Novel biallelic ADCY10 variants cause asthenozoospermia with excessive residual cytoplasm and hydronephrosis in humans.

RESEARCH QUESTION

Could the novel mutations in ADCY10 cause asthenozoospermia and absorptive hypercalciuria in humans, and the potential pathogenesis?

DESIGN

Whole-exome sequencing and Sanger sequencing were conducted to identify potential pathogenic variants in two unrelated Pakistani families.
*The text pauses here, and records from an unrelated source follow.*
lemma marked_in_words: "n \<ge> 2 \<Longrightarrow> w \<in> words n \<Longrightarrow> marked M w \<in> words n"
  using marker_in_words[of n M] by (simp add: marked_def)

lemma marked_inj: "inj (marked M)"
  by (simp add: inj_def marked_def)

lemma left_op_isometry:
  assumes "n \<ge> 2" "\<eta> \<in> fock_span n" "fnorm \<eta> = 1"
    and short: "\<And>w. w \<in> support \<eta> \<Longrightarrow> length w \<le> M"
  shows "isometry n (left_op M \<eta>)"
proof -
  interpret shift_family "support \<eta>" "\<lambda>w y. marked M w @ y" "\<lambda>w. Lw (marked M w)"
  proof
    fix w w' y y'
    assume "w \<in> support \<eta>" "w' \<in> support \<eta>" "marked M w @ y = marked M w' @ y'"
    then show "w = w'"
      using short marker_separates[of w M w' y y'] by (simp add: marked_def)
  next
    fix w x z
    assume "z \<notin> range (\<lambda>y. marked M w @ y)"
    then show "Lw (marked M w) x z = 0" by (intro Lw_outside) auto
  qed (auto simp: support_finite[OF assms(2)] Lw_prefix intro: injI)
  show ?thesis
    unfolding left_op_def
    using support_words[OF assms(2)] marked_in_words[OF assms(1)] support_unit_sum[OF assms(2,3)]
    by (intro combination_isometry) auto
qed
lemma spectral_radius_attained: "\<exists>l. is_eigenvalue A l \<and> cmod l = Defs.spectral_radius A"
  using spectral_radius_mem_max(1)[OF to_jnf_carrier, of "cmat A"]
  unfolding spectral_radius_to_jnf is_eigenvalue_iff_to_jnf by force

lemma mpow_scaleR: "mpow (r *\<^sub>R M) k = r ^ k *\<^sub>R mpow M k"
  by (induction k) (simp_all add: matrix_scalar_ac scalar_matrix_assoc mult.commute)

lemma is_eigenvalue_scaleR:
  assumes "r \<noteq> 0" "is_eigenvalue (r *\<^sub>R A) l"
  shows "is_eigenvalue A (l / complex_of_real r)"
proof -
  obtain x where x: "x \<noteq> 0" "cmat (r *\<^sub>R A) *v x = l *s x"
    using assms(2) unfolding is_eigenvalue_def by blast
  have "cmat (r *\<^sub>R A) *v x = complex_of_real r *s (cmat A *v x)"
    by (simp add: cmat_def matrix_vector_mult_def vector_scalar_mult_def sum_distrib_left mult.assoc)
  with x(2) have eq: "complex_of_real r *s (cmat A *v x) = l *s x" by simp
  have "(cmat A *v x) $ i = (l / complex_of_real r) * x $ i" for i
    using arg_cong[OF eq, of "\<lambda>y. y $ i"] assms(1) by (simp add: field_simps)
  then have "cmat A *v x = (l / complex_of_real r) *s x"
    by (simp add: Finite_Cartesian_Product.vec_eq_iff)
  with x(1) show ?thesis unfolding is_eigenvalue_def by blast
qed

lemma mpow_entries_bounded:
  assumes "Defs.spectral_radius A < 1"
  shows "\<exists>c. \<forall>k a b. \<bar>mpow A k $ a $ b\<bar> \<le> c"
proof -
  obtain c where c: "norm_bound (to_jnf (cmat A) ^\<^sub>m k) c" for k
    using spectral_radius_jnf_norm_bound_less_1_upper_triangular[OF to_jnf_carrier]
      assms[unfolded spectral_radius_to_jnf] by blast
  have "\<bar>mpow A k $ a $ b\<bar> \<le> c" for k a b
    using c[of k, folded to_jnf_mpow] unfolding norm_bound_def
    by (force simp: to_jnf_def cmat_def dest: spec[of _ "jnf_pos a"] spec[of _ "jnf_pos b"])
  then show ?thesis by blast
qed
lemma exists_partition_small_cells_injective_orbits:
  fixes L :: nat
  assumes \<epsilon>: "0 < \<epsilon>"
  obtains c :: "'a \<Rightarrow> nat set \<times> nat" and I
  where "finite_measurable_partition M c I"
    and "\<And>i. i \<in> I \<Longrightarrow> measure M (c -` {i}) \<le> \<epsilon>"
    and "measure M {x. \<not> inj_on (\<lambda>l. c ((\<sigma> ^^ (l - 1)) x)) {1..L}} \<le> \<epsilon>"
proof -
  have L: "0 < real L ^ 2 + 1"
    by (intro add_nonneg_pos) auto
  then have "0 < \<epsilon> / (real L ^ 2 + 1)"
    using \<epsilon> by simp
  then obtain c :: "'a \<Rightarrow> nat set \<times> nat" and I where c: "finite_measurable_partition M c I"
    and cells: "\<And>i. i \<in> I \<Longrightarrow> measure M (c -` {i}) \<le> \<epsilon>"
    and returns: "\<And>k. k \<in> {1..<L} \<Longrightarrow> measure M {x. c ((\<sigma> ^^ k) x) = c x} \<le> \<epsilon> / (real L ^ 2 + 1)"
    using exists_partition_small_cells_small_returns[OF \<epsilon>] by blast
  have "measure M {x. \<not> inj_on (\<lambda>l. c ((\<sigma> ^^ (l - 1)) x)) {1..L}} \<le> real L ^ 2 * (\<epsilon> / (real L ^ 2 + 1))"
    using returns \<epsilon> by (intro measure_not_inj_on_orbit_le[OF c]) auto
  also have "\<dots> \<le> \<epsilon>"
    using L \<epsilon> by (simp add: field_simps)
  finally show thesis
    using that c cells by blast
qed

end

section \<open>Itineraries through a finite partition\<close>

locale partition_itineraries = ergodic_automorphism M \<tau>
  for M :: "'a::{second_countable_topology, t2_space} measure" and \<tau> +
  fixes L :: nat and c :: "'a \<Rightarrow> 'i" and I :: "'i set"
  assumes partition: "finite_measurable_partition M c I"
begin

lemma finite_cells: "finite I" and cell_index: "c x \<in> I" and sets_cell: "i \<in> I \<Longrightarrow> c -` {i} \<in> sets M"
  using partition by (auto simp: finite_measurable_partition_def space_eq)

definition itinerary :: "'a \<Rightarrow> nat \<Rightarrow> 'i" where
  "itinerary x = restrict (\<lambda>l. c ((\<sigma> ^^ (l - 1)) x)) {1..L}"

definition itineraries :: "(nat \<Rightarrow> 'i) set" where
  "itineraries = PiE {1..L} (\<lambda>_. I)"

definition itinerary_prob :: "(nat \<Rightarrow> 'i) \<Rightarrow> real" where
  "itinerary_prob t = measure M {x. itinerary x = t}"

lemma finite_itineraries: "finite itineraries"
  using finite_cells by (simp add: itineraries_def finite_PiE)

lemma itinerary_in_itineraries: "itinerary x \<in> itineraries"
  using cell_index by (simp add: itinerary_def itineraries_def)

lemma sets_itinerary_eq: "{x. itinerary x = t} \<in> sets M"
proof (cases "t \<in> itineraries")
  case True
  then have "{x. itinerary x = t} = (\<Inter>l\<in>{1..L}. (\<sigma> ^^ (l - 1)) -` (c -` {t l}))"
    by (auto simp: itinerary_def itineraries_def PiE_def extensional_def fun_eq_iff)
  then show ?thesis
    using True sets_cell by (auto simp: itineraries_def PiE_iff intro!: sets_INT_preimage_funpow_sigma)
next
  case False
  then show ?thesis
    using itinerary_in_itineraries by (metis (mono_tags) empty_Collect_eq sets.empty_sets)
qed
abbreviation ev :: "'a poly \<Rightarrow> 'c \<Rightarrow> 'c" where
  "ev p y \<equiv> poly_eval B \<tau> p y"

lemma scalar_zero [simp]: "\<tau> 0 = \<zero>"
proof -
  have "\<tau> 0 \<oplus> \<tau> 0 = \<tau> 0 \<oplus> \<zero>" using scalar_add[of 0 0] by simp
  then show ?thesis by simp
qed

lemma scalar_sum: "\<tau> (sum f K) = (\<Oplus>k\<in>K. \<tau> (f k))"
proof (cases "finite K")
  case True
  then show ?thesis by (induct K rule: finite_induct) (auto simp: scalar_add)
qed (simp add: finsum_infinite)

lemma poly_eval_closed [simp]: "y \<in> carrier B \<Longrightarrow> ev p y \<in> carrier B"
  unfolding poly_eval_def by (auto intro!: finsum_closed)

lemma poly_eval_bound:
  assumes "y \<in> carrier B" and "degree p < N"
  shows "ev p y = (\<Oplus>i\<in>{..<N}. \<tau> (coeff p i) \<otimes> y [^] i)"
  unfolding poly_eval_def
proof (rule add.finprod_mono_neutral_cong_left)
  fix i assume "i \<in> {..<N} - {..degree p}"
  then have "coeff p i = 0" by (simp add: coeff_eq_0)
  then show "\<tau> (coeff p i) \<otimes> y [^] i = \<zero>" using assms by simp
qed (use assms in auto)

lemma poly_eval_0 [simp]: "y \<in> carrier B \<Longrightarrow> ev 0 y = \<zero>"
  unfolding poly_eval_def by simp

lemma poly_eval_pCons:
  assumes y: "y \<in> carrier B"
  shows "ev (pCons c p) y = \<tau> c \<oplus> y \<otimes> ev p y"
proof -
  have "ev (pCons c p) y = (\<Oplus>i\<in>{..<Suc (Suc (degree p))}. \<tau> (coeff (pCons c p) i) \<otimes> y [^] i)"
    by (rule poly_eval_bound[OF y]) (simp add: degree_pCons_le le_imp_less_Suc)
  also have "\<dots> = (\<Oplus>i\<in>{..degree p}. \<tau> (coeff p i) \<otimes> y [^] Suc i) \<oplus> \<tau> c"
    unfolding lessThan_Suc_atMost by (subst finsum_Suc2) (use y in auto)
  also have "(\<Oplus>i\<in>{..degree p}. \<tau> (coeff p i) \<otimes> y [^] Suc i) = y \<otimes> ev p y"
    unfolding poly_eval_def
    by (subst finsum_rdistr) (use y in \<open>auto intro!: finsum_cong simp: m_ac\<close>)
  finally show ?thesis using y by (simp add: a_comm)
qed

lemma poly_eval_add:
  assumes y: "y \<in> carrier B"
  shows "ev (p + q) y = ev p y \<oplus> ev q y"
proof -
  define N where "N = Suc (max (degree p) (degree q))"
  have d: "degree (p + q) < N" "degree p < N" "degree q < N"
    unfolding N_def using degree_add_le_max[of p q] by auto
  show ?thesis
    unfolding poly_eval_bound[OF y d(1)] poly_eval_bound[OF y d(2)] poly_eval_bound[OF y d(3)]
    by (subst finsum_addf[symmetric]) (use y in \<open>auto intro!: finsum_cong simp: scalar_add l_distr\<close>)
qed

lemma poly_eval_smult:
  assumes y: "y \<in> carrier B"
  shows "ev (Polynomial.smult a p) y = \<tau> a \<otimes> ev p y"
proof -
  have d: "degree (Polynomial.smult a p) < Suc (degree p)" "degree p < Suc (degree p)"
    by (auto simp: le_imp_less_Suc degree_smult_le)
  show ?thesis
    unfolding poly_eval_bound[OF y d(1)] poly_eval_bound[OF y d(2)]
    by (subst finsum_rdistr) (use y in \<open>auto intro!: finsum_cong simp: scalar_mult m_assoc\<close>)
qed

lemma poly_eval_const [simp]: "y \<in> carrier B \<Longrightarrow> ev [:a:] y = \<tau> a"
  using poly_eval_pCons[of y a 0] by simp

lemma poly_eval_one [simp]: "y \<in> carrier B \<Longrightarrow> ev 1 y = \<one>"
  using poly_eval_const[of y 1] by (simp add: one_pCons)

lemma poly_eval_x [simp]: "y \<in> carrier B \<Longrightarrow> ev [:0, 1:] y = y"
  using poly_eval_pCons[of y 0 "[:1:]"] by simp

lemma poly_eval_mult:
  assumes y: "y \<in> carrier B"
  shows "ev (p * q) y = ev p y \<otimes> ev q y"
proof (induct p rule: pCons_induct)
  case (pCons a p)
  have "ev (pCons a p * q) y = ev (Polynomial.smult a q + pCons 0 (p * q)) y" by simp
  also have "\<dots> = \<tau> a \<otimes> ev q y \<oplus> y \<otimes> (ev p y \<otimes> ev q y)"
    using y pCons by (simp add: poly_eval_add poly_eval_smult poly_eval_pCons)
  also have "\<dots> = ev (pCons a p) y \<otimes> ev q y"
    using y by (simp add: poly_eval_pCons l_distr m_assoc)
  finally show ?case .
qed (use y in simp)

lemma poly_eval_uminus:
  assumes y: "y \<in> carrier B"
  shows "ev (- p) y = \<ominus> ev p y"
proof -
  have "ev (- p) y \<oplus> ev p y = \<zero>" using poly_eval_add[OF y, of "- p" p] y by simp
  then show ?thesis using y by (simp add: minus_equality)
qed

lemma poly_eval_sum:
  assumes y: "y \<in> carrier B"
  shows "ev (sum f K) y = (\<Oplus>k\<in>K. ev (f k) y)"
proof (cases "finite K")
  case True
  then show ?thesis by (induct K rule: finite_induct) (use y in \<open>auto simp: poly_eval_add\<close>)
qed (use y in \<open>simp add: finsum_infinite\<close>)

lemma poly_eval_power:
  assumes y: "y \<in> carrier B"
  shows "ev (p ^ m) y = ev p y [^] m"
  by (induct m) (use y in \<open>auto simp: poly_eval_mult m_comm\<close>)

lemma poly_eval_pcompose:
  assumes y: "y \<in> carrier B"
  shows "ev (pcompose p q) y = ev p (ev q y)"
  by (induct p rule: pCons_induct)
     (use y in \<open>simp_all add: pcompose_pCons poly_eval_add poly_eval_mult poly_eval_pCons\<close>)

definition lincomb :: "nat \<Rightarrow> (nat \<Rightarrow> 'a) \<Rightarrow> (nat \<Rightarrow> 'c) \<Rightarrow> 'c" where
  "lincomb n c v = (\<Oplus>i\<in>{..<n}. \<tau> (c i) \<otimes> v i)"

definition spanning :: "nat \<Rightarrow> (nat \<Rightarrow> 'c) \<Rightarrow> bool" where
  "spanning n v \<longleftrightarrow> (\<forall>i<n. v i \<in> carrier B) \<and> (\<forall>y\<in>carrier B. \<exists>c. y = lincomb n c v)"

definition lin_indep :: "nat \<Rightarrow> (nat \<Rightarrow> 'c) \<Rightarrow> bool" where
  "lin_indep n v \<longleftrightarrow> (\<forall>c. lincomb n c v = \<zero> \<longrightarrow> (\<forall>i<n. c i = 0))"

definition basis :: "nat \<Rightarrow> (nat \<Rightarrow> 'c) \<Rightarrow> bool" where
  "basis n v \<longleftrightarrow> spanning n v \<and> lin_indep n v"

lemma lincomb_closed [simp]: "(\<And>i. i < n \<Longrightarrow> v i \<in> carrier B) \<Longrightarrow> lincomb n c v \<in> carrier B"
  unfolding lincomb_def by (auto intro!: finsum_closed)

lemma lincomb_cong:
  assumes "\<And>i. i < n \<Longrightarrow> v i = w i" and "\<And>i. i < n \<Longrightarrow> w i \<in> carrier B"
  shows "lincomb n c v = lincomb n c w"
  unfolding lincomb_def by (rule finsum_cong') (use assms in auto)

lemma lincomb_zero:
  assumes "\<And>i. i < n \<Longrightarrow> v i \<in> carrier B"
  shows "lincomb n (\<lambda>i. 0) v = \<zero>"
  unfolding lincomb_def using assms by (auto intro!: finsum_zero' simp: Pi_def)

lemma lincomb_add:
  assumes V: "\<And>i. i < n \<Longrightarrow> v i \<in> carrier B"
  shows "lincomb n (\<lambda>i. c i + d i) v = lincomb n c v \<oplus> lincomb n d v"
proof -
  have "lincomb n (\<lambda>i. c i + d i) v = (\<Oplus>i\<in>{..<n}. \<tau> (c i) \<otimes> v i \<oplus> \<tau> (d i) \<otimes> v i)"
    unfolding lincomb_def by (rule finsum_cong') (use V in \<open>auto simp: scalar_add l_distr\<close>)
  also have "\<dots> = lincomb n c v \<oplus> lincomb n d v"
    unfolding lincomb_def by (rule finsum_addf) (use V in auto)
  finally show ?thesis .
qed

lemma lincomb_smult:
  assumes V: "\<And>i. i < n \<Longrightarrow> v i \<in> carrier B"
  shows "\<tau> a \<otimes> lincomb n c v = lincomb n (\<lambda>i. a * c i) v"
proof -
  have "\<tau> a \<otimes> lincomb n c v = (\<Oplus>i\<in>{..<n}. \<tau> a \<otimes> (\<tau> (c i) \<otimes> v i))"
    unfolding lincomb_def by (rule finsum_rdistr) (use V in auto)
  also have "\<dots> = lincomb n (\<lambda>i. a * c i) v"
    unfolding lincomb_def by (rule finsum_cong') (use V in \<open>auto simp: scalar_mult m_assoc\<close>)
  finally show ?thesis .
qed

lemma lincomb_uminus:
  assumes V: "\<And>i. i < n \<Longrightarrow> v i \<in> carrier B"
  shows "lincomb n (\<lambda>i. - c i) v = \<ominus> lincomb n c v"
proof -
  have "lincomb n (\<lambda>i. - c i) v \<oplus> lincomb n c v = \<zero>"
    using lincomb_add[OF V, where c = "\<lambda>i. - c i" and d = c] lincomb_zero[OF V] by simp
  then show ?thesis using V by (simp add: minus_equality)
qed

lemma lincomb_delta:
  assumes V: "\<And>i. i < n \<Longrightarrow> v i \<in> carrier B" and j: "j < n"
  shows "lincomb n (\<lambda>i. if j = i then 1 else 0) v = v j"
proof -
  have "lincomb n (\<lambda>i. if j = i then 1 else 0) v = (\<Oplus>i\<in>{..<n}. if j = i then v i else \<zero>)"
    unfolding lincomb_def by (rule finsum_cong') (use V in auto)
  also have "\<dots> = v j" by (rule finsum_singleton) (use V j in auto)
  finally show ?thesis .
qed

lemma lincomb_lincomb:
  assumes V: "\<And>i. i < n \<Longrightarrow> v i \<in> carrier B"
  shows "lincomb n c (\<lambda>i. lincomb n (P i) v) = lincomb n (\<lambda>j. \<Sum>i<n. c i * P i j) v"
proof -
  have "lincomb n c (\<lambda>i. lincomb n (P i) v) = (\<Oplus>i\<in>{..<n}. \<Oplus>j\<in>{..<n}. \<tau> (c i * P i j) \<otimes> v j)"
    unfolding lincomb_def[of n c] using lincomb_smult[OF V] V
    by (intro finsum_cong') (auto simp: lincomb_def intro!: finsum_closed)
  also have "\<dots> = (\<Oplus>j\<in>{..<n}. \<Oplus>i\<in>{..<n}. \<tau> (c i * P i j) \<otimes> v j)"
    by (rule finsum_finsum_swap) (use V in auto)
  also have "\<dots> = (\<Oplus>j\<in>{..<n}. (\<Oplus>i\<in>{..<n}. \<tau> (c i * P i j)) \<otimes> v j)"
    by (rule finsum_cong') (use V in \<open>auto simp: finsum_ldistr intro!: finsum_closed\<close>)
  also have "\<dots> = lincomb n (\<lambda>j. \<Sum>i<n. c i * P i j) v"
    unfolding lincomb_def scalar_sum by simp
  finally show ?thesis .
qed

lemma lincomb_unique:
  assumes "lin_indep n v" and V: "\<And>i. i < n \<Longrightarrow> v i \<in> carrier B"
    and eq: "lincomb n c v = lincomb n d v" and "i < n"
  shows "c i = d i"
proof -
  have "lincomb n (\<lambda>i. c i - d i) v \<oplus> lincomb n d v = lincomb n d v"
    using lincomb_add[OF V, where c = "\<lambda>i. c i - d i" and d = d] eq by simp
  then have "lincomb n (\<lambda>i. c i - d i) v = \<zero>" using V by simp
  then show ?thesis using assms(1,4) unfolding lin_indep_def by fastforce
qed

lemma determinant_trick:
  fixes C :: "'a poly mat"
  assumes \<beta>: "\<And>i. i < n \<Longrightarrow> \<beta> i \<in> carrier B" and y: "y \<in> carrier B"
    and C: "C \<in> carrier_mat n n"
    and rows: "\<And>k. k < n \<Longrightarrow> (\<Oplus>l\<in>{..<n}. ev (C $$ (k, l)) y \<otimes> \<beta> l) = \<zero>"
    and j: "j < n"
  shows "ev (det C) y \<otimes> \<beta> j = \<zero>"
proof -
  define D where "D = adj_mat C"
  have D: "D \<in> carrier_mat n n" unfolding D_def using adj_mat(1)[OF C] .
  have DC: "(\<Sum>k<n. D $$ (j, k) * C $$ (k, l)) = (if j = l then det C else 0)" if "l < n" for l
    using index_mult_mat_sum[OF D C j that] adj_mat(3)[OF C] that j
    by (cases "j = l") (simp_all add: D_def)
  have "ev (det C) y \<otimes> \<beta> j = (\<Oplus>l\<in>{..<n}. if j = l then ev (det C) y \<otimes> \<beta> l else \<zero>)"
    by (rule finsum_singleton[symmetric]) (use y \<beta> j in auto)
  also have "\<dots> = (\<Oplus>l\<in>{..<n}. ev (\<Sum>k<n. D $$ (j, k) * C $$ (k, l)) y \<otimes> \<beta> l)"
    by (rule finsum_cong') (use y \<beta> in \<open>auto simp: DC\<close>)
  also have "\<dots> = (\<Oplus>l\<in>{..<n}. \<Oplus>k\<in>{..<n}. ev (D $$ (j, k)) y \<otimes> (ev (C $$ (k, l)) y \<otimes> \<beta> l))"
    by (rule finsum_cong')
       (use y \<beta> in \<open>auto simp: poly_eval_sum poly_eval_mult finsum_ldistr m_assoc
                     intro!: finsum_closed finsum_cong'\<close>)
  also have "\<dots> = (\<Oplus>k\<in>{..<n}. \<Oplus>l\<in>{..<n}. ev (D $$ (j, k)) y \<otimes> (ev (C $$ (k, l)) y \<otimes> \<beta> l))"
    by (rule finsum_finsum_swap) (use y \<beta> in auto)
  also have "\<dots> = (\<Oplus>k\<in>{..<n}. ev (D $$ (j, k)) y \<otimes> (\<Oplus>l\<in>{..<n}. ev (C $$ (k, l)) y \<otimes> \<beta> l))"
    by (rule finsum_cong') (use y \<beta> in \<open>auto simp: finsum_rdistr intro!: finsum_closed\<close>)
  also have "\<dots> = \<zero>"
    by (rule finsum_zero') (use y rows in auto)
  finally show ?thesis .
qed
Reverse transcription polymerase chain reaction was utilized to assess the mutation effect on mRNA levels in the patients. Transmission electron microscopy and scanning electron microscopy were performed to examine the sperm flagellar ultrastructure. Western blot and immunofluorescence assays were performed to evaluate the expression and localization of ADCY10 and other axonemal components.

RESULTS

Three novel ADCY10 variants were identified in two unrelated Pakistani families. Patient 1 (P1) and P2 from Family 1 carried compound heterozygous mutation c.2902C>T (p. Arg968*) and c.4286+1G>T, and P3 and P4 from Family 2 carried homozygous mutation c.436+2T>G. These patients suffered from male infertility with compromised sperm motility and hydronephrosis with kidney stones. No ADCY10 mRNA and ADCY10 protein were detected in the blood and sperm lysate of the patients. Morphological analyses revealed obvious mid-piece defects along with head anomalies in the patients' spermatozoa. Transmission electron microscopy and immunofluorescence assay showed excessive residual cytoplasm in the mitochondrial sheath and misarranged mitochondrial sheath structures in the patients, indicating a novel role of ADCY10 in regulating the proper organization of the mitochondrial sheath.

CONCLUSIONS

These results indicate that ADCY10 is an important factor for maintaining the proper structure of the mitochondrial sheath and motility of spermatozoa, which extends the phenotype spectrum of ADCY10 loss-of-function mutations in humans.